One upside for scientists working on a vaccine for COVID-19 is that the novel coronavirus (technically called Sars-CoV-2) shares 80% to 90% of its genetic makeup with Sars-CoV, the virus that caused the 2003 SARS outbreak, according to the Guardian.

This means companies like Novavax, based in Maryland, can repurpose the technology they were using to make SARS and MERS vaccines for the novel coronavirus.

Animal testing is an important stage to spot potential safety problems

Some scientists worry that a rushed vaccine could result in what's known as "enhancement" whereby a vaccine actually weakens a person's response to a virus when they contract it. For example, one study on a SARS vaccine in 2004 found that some ferrets developed hepatitis, rather than a resilience to the coronavirus.

"I understand the importance of accelerating timelines for vaccines in general, but from everything I know, this is not the vaccine to be doing it with," Dr. Peter Hotez, dean of the National School of Tropical Medicine at Baylor College of Medicine, told Reuters.

"There is a risk of immune enhancement," Hotez added.

"The way you reduce that risk is first you show it does not occur in laboratory animals." But in the rush to find a vaccine to the coronavirus, some developers are skipping animal trials, Stat News reported.

Some vaccines are already in development, but 'not all horses will finish the race'

Around 40 vaccines for the coronavirus are in development right now, according to the World Health Organization.

But Bruce Gellin, head of the global immunization programme at the Sabin Vaccine Institute, said that doesn't mean we will get 40 working vaccines.

"Not all horses that leave the starting gate will finish the race," Gellin told the Guardian.

Gary Kobinger, a virologist at Canada's Laval University, told the New Scientist magazine: "We could have a vaccine in three weeks, but we can't guarantee its safety or efficacy."

There are, however, encouraging signs that a vaccine may be within reach.

FILE PHOTO: A nurse fills a syringe with a vaccine before administering an injection at a children's clinic in Kiev, Ukraine August 14, 2019.  REUTERS/Valentyn Ogirenko

Foto: A nurse fills a syringe with a vaccine before administering an injection at a children's clinic in Kiev. Source: Reuters

The Massachusetts-based firm Moderna started testing their vaccine on humans in March.

Moderna is using a new, fairly untested, and as yet unapproved method for its vaccine. The technique meant Moderna only needed the genetic information of the coronavirus to get to work on its vaccine, the biotech firm's CEO Stephane Bancel told Business Insider.

Novavax said it hopes to test its vaccine on humans in Spring 2020.

The pharmaceuticals giant Johnson & Johnson has been researching a coronavirus vaccine since February and says it will start human trials in September.
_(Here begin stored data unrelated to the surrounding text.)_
lemma odd_coordinate_cube_columns:
  fixes coords :: "'a::idom \<Rightarrow> nat set" and e :: "'i \<Rightarrow> 'a"
  assumes "finite S" and "inj_on e S" and e_F: "e ` S \<subseteq> F" and "CHAR('a) = 2"
    and coords_range: "\<And>x. x \<in> F \<Longrightarrow> coords x \<subseteq> {..<t}"
    and sum_zero: "\<And>(S :: 'i set) g. finite S \<Longrightarrow> (\<And>j. j \<in> S \<Longrightarrow> g j \<in> F) \<Longrightarrow>
           (\<And>i. even (card {j\<in>S. i \<in> coords (g j)})) \<Longrightarrow> (\<Sum>j\<in>S. g j) = 0"
    and cube_closed: "\<And>x. x \<in> F \<Longrightarrow> x ^ 3 \<in> F" and "card S = 4"
  shows "\<exists>i. odd (card {j\<in>S. i \<in> coords (e j) \<union> (+) t ` coords (e j ^ 3)})"
proof (rule ccontr)
  let ?V = "\<lambda>j. coords (e j) \<union> (+) t ` coords (e j ^ 3)"
  assume "\<nexists>i. odd (card {j\<in>S. i \<in> ?V j})"
  then have even: "even (card {j\<in>S. i \<in> ?V j})" for i
    by blast
  have in_F: "e j \<in> F" "e j ^ 3 \<in> F" if "j \<in> S" for j
    using that e_F cube_closed by auto
  have low: "i \<in> coords (e j) \<longleftrightarrow> i < t \<and> i \<in> ?V j" and high: "i \<in> coords (e j ^ 3) \<longleftrightarrow> t + i \<in> ?V j"
    if "j \<in> S" for i j
    using coords_range[OF in_F(1)[OF that]] by auto
  have "{j\<in>S. i \<in> coords (e j)} = (if i < t then {j\<in>S. i \<in> ?V j} else {})" for i
    using low by auto
  then have "sum e S = 0"
    using sum_zero[OF \<open>finite S\<close>, of e] even in_F by simp
  have "{j\<in>S. i \<in> coords (e j ^ 3)} = {j\<in>S. t + i \<in> ?V j}" for i
    using high by auto
  then have "(\<Sum>j\<in>S. e j ^ 3) = 0"
    using sum_zero[OF \<open>finite S\<close>, of "\<lambda>j. e j ^ 3"] even in_F by simp
  then show False
    using sum_cubes_ne_0_if_card_4[OF \<open>CHAR('a) = 2\<close> \<open>card S = 4\<close> \<open>inj_on e S\<close> \<open>sum e S = 0\<close>] by blast
qed
lemma fps_infprod_Suc_shift:
  assumes "converging_factors f"
  shows "fps_infprod f = f 0 * fps_infprod (\<lambda>i. f (Suc i))"
proof (rule fps_ext)
  fix k
  have conv: "converging_factors (\<lambda>i. f (Suc i))"
    using assms by (auto simp: converging_factors_def intro: fps_eq_upto_mono)
  have "fps_infprod f $ k = (\<Prod>i<Suc (Suc k). f i) $ k"
    using fps_infprod_eq_upto[OF assms, of k "Suc (Suc k)"] by (simp add: fps_eq_upto_def)
  also have "\<dots> = (f 0 * (\<Prod>i<Suc k. f (Suc i))) $ k"
    by (simp only: prod.lessThan_Suc_shift)
  also have "\<dots> = (f 0 * fps_infprod (\<lambda>i. f (Suc i))) $ k"
    using fps_eq_upto_mult[OF fps_eq_upto_refl[of k "f 0"] fps_infprod_eq_upto[OF conv, of k "Suc k"]]
    by (simp add: fps_eq_upto_def)
  finally show "fps_infprod f $ k = (f 0 * fps_infprod (\<lambda>i. f (Suc i))) $ k" .
qed

lemma fps_infprod_in_pairs:
  assumes "converging_factors f"
  shows "fps_infprod f = fps_infprod (\<lambda>i. f (2 * i) * f (Suc (2 * i)))"
proof (rule fps_ext)
  fix k
  have conv: "converging_factors (\<lambda>i. f (2 * i) * f (Suc (2 * i)))"
  proof (unfold converging_factors_def, intro allI)
    fix i
    have "fps_eq_upto i (f (2 * i)) 1" "fps_eq_upto i (f (Suc (2 * i))) 1"
      using assms by (auto simp: converging_factors_def intro: fps_eq_upto_mono)
    from fps_eq_upto_mult[OF this] show "fps_eq_upto i (f (2 * i) * f (Suc (2 * i))) 1" by simp
  qed
  have "fps_infprod f $ k = (\<Prod>i\<le>Suc (2 * k). f i) $ k"
    using fps_infprod_eq_upto[OF assms, of k "Suc (Suc (2 * k))"]
    by (simp add: fps_eq_upto_def lessThan_Suc_atMost)
  also have "\<dots> = (\<Prod>i\<le>k. f (2 * i) * f (Suc (2 * i))) $ k"
    by (simp only: prod.in_pairs_0)
  also have "\<dots> = fps_infprod (\<lambda>i. f (2 * i) * f (Suc (2 * i))) $ k"
    by (simp add: fps_infprod_nth[OF conv] lessThan_Suc_atMost)
  finally show "fps_infprod f $ k = fps_infprod (\<lambda>i. f (2 * i) * f (Suc (2 * i))) $ k" .
qed

section \<open>Series with nonnegative coefficients\<close>

definition nonneg_unit_fps :: "real fps \<Rightarrow> bool" where
  "nonneg_unit_fps f \<longleftrightarrow> (\<forall>n. 0 \<le> f $ n) \<and> f $ 0 = 1"

lemma nonneg_unit_fps_one [simp]: "nonneg_unit_fps 1"
  by (simp add: nonneg_unit_fps_def)

lemma nonneg_unit_fps_mult: "nonneg_unit_fps f \<Longrightarrow> nonneg_unit_fps g \<Longrightarrow> nonneg_unit_fps (f * g)"
  unfolding nonneg_unit_fps_def fps_mult_nth by (auto intro!: sum_nonneg)

lemma nonneg_unit_fps_power: "nonneg_unit_fps f \<Longrightarrow> nonneg_unit_fps (f ^ n)"
  by (induction n) (auto intro: nonneg_unit_fps_mult)

lemma nonneg_unit_fps_prod: "(\<And>i. i \<in> A \<Longrightarrow> nonneg_unit_fps (f i)) \<Longrightarrow> nonneg_unit_fps (\<Prod>i\<in>A. f i)"
  by (induction A rule: infinite_finite_induct) (auto intro: nonneg_unit_fps_mult)

lemma nonneg_unit_fps_infprod:
  assumes "converging_factors f" and "\<And>i. nonneg_unit_fps (f i)"
  shows "nonneg_unit_fps (fps_infprod f)"
  using assms nonneg_unit_fps_prod[of "{..<Suc k}" f for k]
  by (auto simp: nonneg_unit_fps_def fps_infprod_nth)

lemma nonneg_unit_fps_geometric: "nonneg_unit_fps (fps_geometric 1 a)"
  by (simp add: nonneg_unit_fps_def fps_geometric_def)

lemma nonneg_unit_fps_one_plus_X_power: "0 < a \<Longrightarrow> nonneg_unit_fps (1 + fps_X ^ a)"
  by (simp add: nonneg_unit_fps_def)

lemma nth_le_mult_nonneg_unit_fps:
  assumes f: "\<And>k. 0 \<le> f $ k" and g: "nonneg_unit_fps g"
  shows "f $ n \<le> (f * g) $ n"
proof -
  have "f $ n = f $ n * g $ (n - n)" using g by (simp add: nonneg_unit_fps_def)
  also have "\<dots> \<le> (\<Sum>i=0..n. f $ i * g $ (n - i))"
    by (rule member_le_sum) (use f g in \<open>auto simp: nonneg_unit_fps_def\<close>)
  finally show ?thesis by (simp add: fps_mult_nth)
qed

section \<open>Dissections of q-Pochhammer products\<close>

(* (1 - q^(a+b)) / ((1 - q^a)(1 - q^b)), in a form whose coefficients are visibly nonnegative *)
definition geo_quot :: "nat \<Rightarrow> nat \<Rightarrow> real fps" where
  "geo_quot a b = fps_geometric 1 b + fps_X ^ a * fps_geometric 1 a"

lemma one_minus_X_power_add:
  assumes "0 < a" "0 < b"
  shows "1 - fps_X ^ (a + b) = (1 - fps_X ^ a) * (1 - fps_X ^ b) * geo_quot a b"
proof -
  have ha: "(1 - fps_X ^ a) * fps_geometric 1 a = (1 :: real fps)"
    and hb: "(1 - fps_X ^ b) * fps_geometric 1 b = (1 :: real fps)"
    using assms by (simp_all flip: inverse_one_minus_X_power add: inverse_mult_eq_1')
  have "(1 - fps_X ^ a) * (1 - fps_X ^ b) * geo_quot a b =
      (1 - fps_X ^ a) * ((1 - fps_X ^ b) * fps_geometric 1 b)
      + fps_X ^ a * (1 - fps_X ^ b) * ((1 - fps_X ^ a) * fps_geometric 1 a)"
    unfolding geo_quot_def by (simp add: algebra_simps)
  also have "\<dots> = 1 - fps_X ^ (a + b)"
    unfolding ha hb by (simp add: algebra_simps power_add)
  finally show ?thesis ..
qed

lemma nonneg_unit_geo_quot: "0 < a \<Longrightarrow> nonneg_unit_fps (geo_quot a b)"
  by (simp add: nonneg_unit_fps_def geo_quot_def fps_geometric_def fps_X_power_mult_nth)

lemma converging_factors_geo_quot:
  assumes "\<And>i. i < a i" "\<And>i. i < b i"
  shows "converging_factors (\<lambda>i. geo_quot (a i) (b i))"
proof (unfold converging_factors_def fps_eq_upto_def, intro allI impI)
  fix i k :: nat
  assume "k \<le> i"
  with assms[of i] have "b i dvd k \<longleftrightarrow> k = 0"
    by (auto dest: dvd_imp_le)
  with \<open>k \<le> i\<close> assms[of i] show "geo_quot (a i) (b i) $ k = 1 $ k"
    by (simp add: geo_quot_def fps_geometric_def fps_X_power_mult_nth)
qed
(* If a sequent without stoups (i.e. all of whose stoups are empty) is derivable in $\mathcal{M}_{2018}$, then it is also derivable in $\mathcal{F}_{2018}$.
   Context: Formulae are built from a countable set of variables and $\mathbf1$ by $\backslash,/,\cdot,\wedge,\vee$ and the unary $\langle\rangle$, $[]^{-1}$, $!$. A stoup is a finite multiset of formulae ($\varnothing$ empty); a tree term is a formula or $[\Xi]$; a meta-formula is $\zeta;\Gamma$ ($\zeta$ a stoup, $\Gamma$ a finite sequence of tree terms, empty $\Lambda$), $\varnothing;\Gamma$ written $\Gamma$; comma is concatenation / multiset union; sequents $\Xi\to C$; $\Xi(\Theta)$ designates an occurrence of a meta-formula $\Theta$ which is $\Xi$ itself or the content of a bracket $[\Theta]$ at any depth. Rules of $\mathcal{M}_{2018}$ (Morrill's calculus; no cut rule): axioms $A\to A$, $\Lambda\to\mathbf1$; ($/L$) from $\zeta_1;\Gamma\to B$ and $\Xi(\zeta_2;\Delta_1,C,\Delta_2)\to D$ infer $\Xi(\zeta_1,\zeta_2;\Delta_1,C/B,\Gamma,\Delta_2)\to D$; ($/R$) from $\zeta;\Gamma,B\to C$ infer $\zeta;\Gamma\to C/B$; ($\backslash L$) from $\zeta_1;\Gamma\to A$ and $\Xi(\zeta_2;\Delta_1,C,\Delta_2)\to D$ infer $\Xi(\zeta_1,\zeta_2;\Delta_1,\Gamma,A\backslash C,\Delta_2)\to D$; ($\backslash R$) from $\zeta;A,\Gamma\to C$ infer $\zeta;\Gamma\to A\backslash C$; ($\cdot L$) from $\Xi(\zeta;\Delta_1,A,B,\Delta_2)\to D$ infer $\Xi(\zeta;\Delta_1,A\cdot B,\Delta_2)\to D$; ($\cdot R$) from $\zeta_1;\Delta\to A$, $\zeta_2;\Gamma\to B$ infer $\zeta_1,\zeta_2;\Delta,\Gamma\to A\cdot B$; ($\mathbf1L$) from $\Xi(\zeta;\Delta_1,\Delta_2)\to A$ infer $\Xi(\zeta;\Delta_1,\mathbf1,\Delta_2)\to A$; ($\vee L$) from $\Xi(\zeta;\Delta_1,A_1,\Delta_2)\to C$ and $\Xi(\zeta;\Delta_1,A_2,\Delta_2)\to C$ infer $\Xi(\zeta;\Delta_1,A_1\vee A_2,\Delta_2)\to C$; ($\vee R_i$) from $\Xi\to A_i$ infer $\Xi\to A_1\vee A_2$; ($\wedge L_i$) from $\Xi(\zeta;\Delta_1,A_i,\Delta_2)\to C$ infer $\Xi(\zeta;\Delta_1,A_1\wedge A_2,\Delta_2)\to C$; ($\wedge R$) from $\Xi\to A_1$ and $\Xi\to A_2$ infer $\Xi\to A_1\wedge A_2$; ($[]^{-1}L$) from $\Xi(\zeta;\Delta_1,A,\Delta_2)\to B$ infer $\Xi(\zeta;\Delta_1,[[]^{-1}A],\Delta_2)\to B$; ($[]^{-1}R$) from $[\Xi]\to A$ infer $\Xi\to[]^{-1}A$; ($\langle\rangle L$) from $\Xi(\zeta;\Delta_1,[A],\Delta_2)\to B$ infer $\Xi(\zeta;\Delta_1,\langle\rangle A,\Delta_2)\to B$; ($\langle\rangle R$) from $\Xi\to A$ infer $[\Xi]\to\langle\rangle A$; ($!L$) from $\Xi(\zeta,A;\Gamma_1,\Gamma_2)\to B$ infer $\Xi(\zeta;\Gamma_1,!A,\Gamma_2)\to B$; ($!P$) from $\Xi(\zeta;\Gamma_1,A,\Gamma_2)\to B$ infer $\Xi(\zeta,A;\Gamma_1,\Gamma_2)\to B$; ($!R$) from $!A\to B$ infer $!A\to!B$; ($!C$) from $\Xi(\zeta,A;\Gamma_1,[A;\Gamma_2],\Gamma_3)\to B$ infer $\Xi(\zeta,A;\Gamma_1,[[\Gamma_2]],\Gamma_3)\to B$. Stoup-free calculus $\mathcal{F}_{2018}$: meta-formulae are finite sequences of tree terms; rules are the stoup-free versions of the rules above other than $!L,!P,!R,!C$ (drop all stoups), together with ($!L$) from $\Xi(\Delta_1,A,\Delta_2)\to C$ infer $\Xi(\Delta_1,!A,\Delta_2)\to C$; ($!P_1$) from $\Xi(\Delta_1,!A,\Phi,\Delta_2)\to C$ infer $\Xi(\Delta_1,\Phi,!A,\Delta_2)\to C$; ($!P_2$) the converse; ($!R$) from $!A\to B$ infer $!A\to!B$; ($!C$) from $\Xi(!A,\Gamma_1,[!A,\Gamma_2],\Gamma_3)\to C$ infer $\Xi(!A,\Gamma_1,[[\Gamma_2]],\Gamma_3)\to C$; and the cut rule: from $\Pi\to A$ and $\Xi(\Gamma_1,A,\Gamma_2)\to C$ infer $\Xi(\Gamma_1,\Pi,\Gamma_2)\to C$. *)

theory Defs
  imports Main "HOL-Library.Multiset"
begin

datatype form =
    Var nat
  | One
  | Under form form      (* Under A C  =  A \ C *)
  | Over form form       (* Over C B   =  C / B *)
  | Prod form form
  | With form form
  | Plus form form
  | Diam form
  | BoxInv form
  | Bang form

(* tree terms: a formula or a bracketed meta-formula;
   meta-formulae: a stoup (multiset) and a sequence of tree terms *)
datatype tt = F form | Br mf
     and mf = MF "form multiset" "tt list"

(* contexts Xi(_): the hole is the whole meta-formula, or the content of a
   bracket at any depth; each enclosing level has its own stoup *)
datatype ctx = Hole | CBr "form multiset" "tt list" ctx "tt list"

fun fill :: "ctx \<Rightarrow> mf \<Rightarrow> mf" where
  "fill Hole T = T"
| "fill (CBr z G1 c G2) T = MF z (G1 @ [Br (fill c T)] @ G2)"

inductive derivM :: "mf \<Rightarrow> form \<Rightarrow> bool" where
  M_ax: "derivM (MF {#} [F A]) A"
| M_one: "derivM (MF {#} []) One"
| M_OverL: "derivM (MF z1 G) B \<Longrightarrow> derivM (fill X (MF z2 (D1 @ [F C] @ D2))) D \<Longrightarrow>
    derivM (fill X (MF (z1 + z2) (D1 @ [F (Over C B)] @ G @ D2))) D"
| M_OverR: "derivM (MF z (G @ [F B])) C \<Longrightarrow> derivM (MF z G) (Over C B)"
| M_UnderL: "derivM (MF z1 G) A \<Longrightarrow> derivM (fill X (MF z2 (D1 @ [F C] @ D2))) D \<Longrightarrow>
    derivM (fill X (MF (z1 + z2) (D1 @ G @ [F (Under A C)] @ D2))) D"
| M_UnderR: "derivM (MF z ([F A] @ G)) C \<Longrightarrow> derivM (MF z G) (Under A C)"
| M_ProdL: "derivM (fill X (MF z (D1 @ [F A, F B] @ D2))) D \<Longrightarrow>
    derivM (fill X (MF z (D1 @ [F (Prod A B)] @ D2))) D"
| M_ProdR: "derivM (MF z1 D) A \<Longrightarrow> derivM (MF z2 G) B \<Longrightarrow>
    derivM (MF (z1 + z2) (D @ G)) (Prod A B)"
| M_OneL: "derivM (fill X (MF z (D1 @ D2))) A \<Longrightarrow>
    derivM (fill X (MF z (D1 @ [F One] @ D2))) A"
| M_PlusL: "derivM (fill X (MF z (D1 @ [F A1] @ D2))) C \<Longrightarrow>
    derivM (fill X (MF z (D1 @ [F A2] @ D2))) C \<Longrightarrow>
    derivM (fill X (MF z (D1 @ [F (Plus A1 A2)] @ D2))) C"
| M_PlusR1: "derivM Xi A1 \<Longrightarrow> derivM Xi (Plus A1 A2)"
| M_PlusR2: "derivM Xi A2 \<Longrightarrow> derivM Xi (Plus A1 A2)"
| M_WithL1: "derivM (fill X (MF z (D1 @ [F A1] @ D2))) C \<Longrightarrow>
    derivM (fill X (MF z (D1 @ [F (With A1 A2)] @ D2))) C"
| M_WithL2: "derivM (fill X (MF z (D1 @ [F A2] @ D2))) C \<Longrightarrow>
    derivM (fill X (MF z (D1 @ [F (With A1 A2)] @ D2))) C"
| M_WithR: "derivM Xi A1 \<Longrightarrow> derivM Xi A2 \<Longrightarrow> derivM Xi (With A1 A2)"
| M_BoxInvL: "derivM (fill X (MF z (D1 @ [F A] @ D2))) B \<Longrightarrow>
    derivM (fill X (MF z (D1 @ [Br (MF {#} [F (BoxInv A)])] @ D2))) B"
| M_BoxInvR: "derivM (MF {#} [Br Xi]) A \<Longrightarrow> derivM Xi (BoxInv A)"
| M_DiamL: "derivM (fill X (MF z (D1 @ [Br (MF {#} [F A])] @ D2))) B \<Longrightarrow>
    derivM (fill X (MF z (D1 @ [F (Diam A)] @ D2))) B"
| M_DiamR: "derivM Xi A \<Longrightarrow> derivM (MF {#} [Br Xi]) (Diam A)"
| M_BangL: "derivM (fill X (MF (z + {#A#}) (G1 @ G2))) B \<Longrightarrow>
    derivM (fill X (MF z (G1 @ [F (Bang A)] @ G2))) B"
| M_BangP: "derivM (fill X (MF z (G1 @ [F A] @ G2))) B \<Longrightarrow>
    derivM (fill X (MF (z + {#A#}) (G1 @ G2))) B"
| M_BangR: "derivM (MF {#} [F (Bang A)]) B \<Longrightarrow> derivM (MF {#} [F (Bang A)]) (Bang B)"
| M_BangC: "derivM (fill X (MF (z + {#A#}) (G1 @ [Br (MF {#A#} G2)] @ G3))) B \<Longrightarrow>
    derivM (fill X (MF (z + {#A#}) (G1 @ [Br (MF {#} [Br (MF {#} G2)])] @ G3))) B"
"My people will kill me if I commit to anything earlier than that," Paul Stoffels, J&J's chief scientific officer, told Business Insider when asked about a trial date. "Early September is like warp speed."

The FDA has said it will work to help get a vaccine approved quickly for the coronavirus.

"When responding to an urgent public health situation such as novel coronavirus, we intend to exercise regulatory flexibility and consider all data relevant to a certain vaccine platform," Stephanie Caccomo, an FDA spokeswoman, told Reuters.